Commit e23dff8
* fix(it): stop two flaky integration tests (#27649)
GlossaryOntologyExportIT: mark @isolated. @BeforeAll flips RdfUpdater (a
JVM-wide singleton) on, which makes every concurrent test class start
doing synchronous Fuseki writes on entity create, saturating the
Dropwizard thread pool and causing 60s request timeouts. @execution
(SAME_THREAD) alone only serialises within this class.
WorkflowDefinitionResourceIT#triggerWorkflow_SDK: drop the redundant
waitForWorkflowDeployment call — the create path already waits. Add
descriptive aliases to the two await() polls so the next flake tells
us which FQN or workflow name actually timed out instead of an
anonymous lambda.
Co-Authored-By: Claude Opus 4.7 (1M context) <noreply@anthropic.com>
* fix(search): never skip live indexing during reindex (#27649)
Live search indexing was silently skipped whenever a reindex job was in
RUNNING/READY/STOPPING state. SearchRepository.createEntityIndex() and
six sibling methods consulted SearchIndexRetryQueue.isEntityTypeSuspended()
and returned early with nothing written, nothing enqueued — entities
vanished from search until a future reindex happened to cover them.
The retry worker doubled down: when the scope refresh observed an active
job, it purged the retry queue; and processRecord() deleted records
whose type was suspended. So even manually enqueued retries were wiped.
This is how the #27649 flake surfaced: AppsResourceIT triggers
SearchIndexingApplication runs and its best-effort 30s wait silently
swallows timeouts. If a run was still RUNNING when AppsResourceIT
finished, the next class in the sequential fork
(WorkflowDefinitionResourceIT) inherited the suspension and its
freshly-created tables were never indexed — waitForEntityIndexedInSearch
then timed out at 120s. Same mechanism bites real users mid-reindex in
production.
Remove the suspension mechanism entirely:
* SearchRepository — drop the 8 isEntityTypeSuspended() early-returns;
the client-availability path already enqueues for retry on its own.
* SearchIndexRetryWorker — drop refreshReindexSuspensionScopeIfNeeded()

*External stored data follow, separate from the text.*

lemma quad_form_scaleR [simp]: "quad_form (c *\<^sub>R A) v = c * quad_form A v"
  by (simp add: quad_form_def scaleR_matrix_vector_assoc[symmetric])

lemma quad_form_diff [simp]: "quad_form (A - B) v = quad_form A v - quad_form B v"
  by (simp add: quad_form_def matrix_vector_mult_diff_rdistrib inner_diff_right)

lemma quad_form_scaleR_vector [simp]: "quad_form A (c *\<^sub>R v) = c\<^sup>2 * quad_form A v"
  by (simp add: quad_form_def matrix_vector_mult_scaleR power2_eq_square)

lemma quad_form_uminus_vector [simp]: "quad_form A (- v) = quad_form A v"
  using quad_form_scaleR_vector[of A "-1" v] by simp

lemma quad_form_mat_1 [simp]: "quad_form (mat 1) v = (norm v)\<^sup>2"
  by (simp add: quad_form_def power2_norm_eq_inner)

lemma outer_matrix_vector_mult: "outer a b *v v = (b \<bullet> v) *\<^sub>R a"
  by (simp add: outer_def matrix_vector_mult_def vec_eq_iff inner_vec_def sum_distrib_left algebra_simps)

lemma quad_form_outer: "quad_form (outer w w) v = (w \<bullet> v)\<^sup>2"
  by (simp add: quad_form_def outer_matrix_vector_mult power2_eq_square inner_commute)

lemma matrix_entry_eq_inner: "(A::real^'n^'n) $ i $ j = axis i 1 \<bullet> (A *v axis j 1)"
  by (simp add: inner_axis' matrix_vector_mult_basis column_def)

lemma symmetric_matrix_iff_inner:
  "symmetric_matrix A \<longleftrightarrow> (\<forall>v w. v \<bullet> (A *v w) = w \<bullet> (A *v v))"
proof
  assume "symmetric_matrix A"
  then have "v \<bullet> (A *v w) = w \<bullet> (A *v v)" for v w
    by (metis dot_lmul_matrix inner_commute symmetric_matrix_def transpose_matrix_vector)
  then show "\<forall>v w. v \<bullet> (A *v w) = w \<bullet> (A *v v)" by blast
next
  assume "\<forall>v w. v \<bullet> (A *v w) = w \<bullet> (A *v v)"
  then show "symmetric_matrix A"
    unfolding symmetric_matrix_def
    by (simp add: vec_eq_iff transpose_def matrix_entry_eq_inner[of A])
qed

lemma symmetric_matrixD: "symmetric_matrix A \<Longrightarrow> v \<bullet> (A *v w) = w \<bullet> (A *v v)"
  by (simp add: symmetric_matrix_iff_inner)

lemma symmetric_matrix_diff: "symmetric_matrix A \<Longrightarrow> symmetric_matrix B \<Longrightarrow> symmetric_matrix (A - B)"
  by (simp add: symmetric_matrix_iff_inner matrix_vector_mult_diff_rdistrib inner_diff_right)

lemma symmetric_matrix_scaleR: "symmetric_matrix A \<Longrightarrow> symmetric_matrix (c *\<^sub>R A)"
  by (simp add: symmetric_matrix_iff_inner scaleR_matrix_vector_assoc[symmetric])

lemma symmetric_matrix_outer: "symmetric_matrix (outer w w)"
  by (simp add: symmetric_matrix_iff_inner outer_matrix_vector_mult inner_commute)

lemma symmetric_matrix_mat: "symmetric_matrix (mat c)"
  by (simp add: symmetric_matrix_def)

lemma quad_form_add:
  assumes "symmetric_matrix A"
  shows "quad_form A (v + w) = quad_form A v + 2 * (v \<bullet> (A *v w)) + quad_form A w"
  using symmetric_matrixD[OF assms, of v w]
  by (simp add: quad_form_def matrix_vector_right_distrib inner_add_left inner_add_right)

lemma quad_form_diff_vector:
  assumes "symmetric_matrix A"
  shows "quad_form A (v - w) = quad_form A v - 2 * (v \<bullet> (A *v w)) + quad_form A w"
  using quad_form_add[OF assms, of v "- w"]
  by (simp add: matrix_vector_mult_uminus_right)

and the suspension branches in processRecord(); remove the retry-queue
purge on suspendAll.
* SearchIndexRetryQueue — delete the updateSuspension / clearSuspension
/ isEntityTypeSuspended / isStreamingSuspended / isSuspendAllStreaming
/ getSuspendedEntityTypes API and the static AtomicBoolean /
AtomicReference they backed.
* Drop the two IT cases that asserted the removed behaviour.
Live writes now always reach the search client; reindex and live
writes both target the same indices as before. Version conflicts
between the two paths (stale reindex batch overwriting a newer live
write) remain possible as they did before suspension was introduced —
that is the race suspension was meant to dodge, but dropping writes
altogether was worse than the race.
Co-Authored-By: Claude Opus 4.7 (1M context) <noreply@anthropic.com>
* fix(search): route live writes to staged index during reindex (#27649)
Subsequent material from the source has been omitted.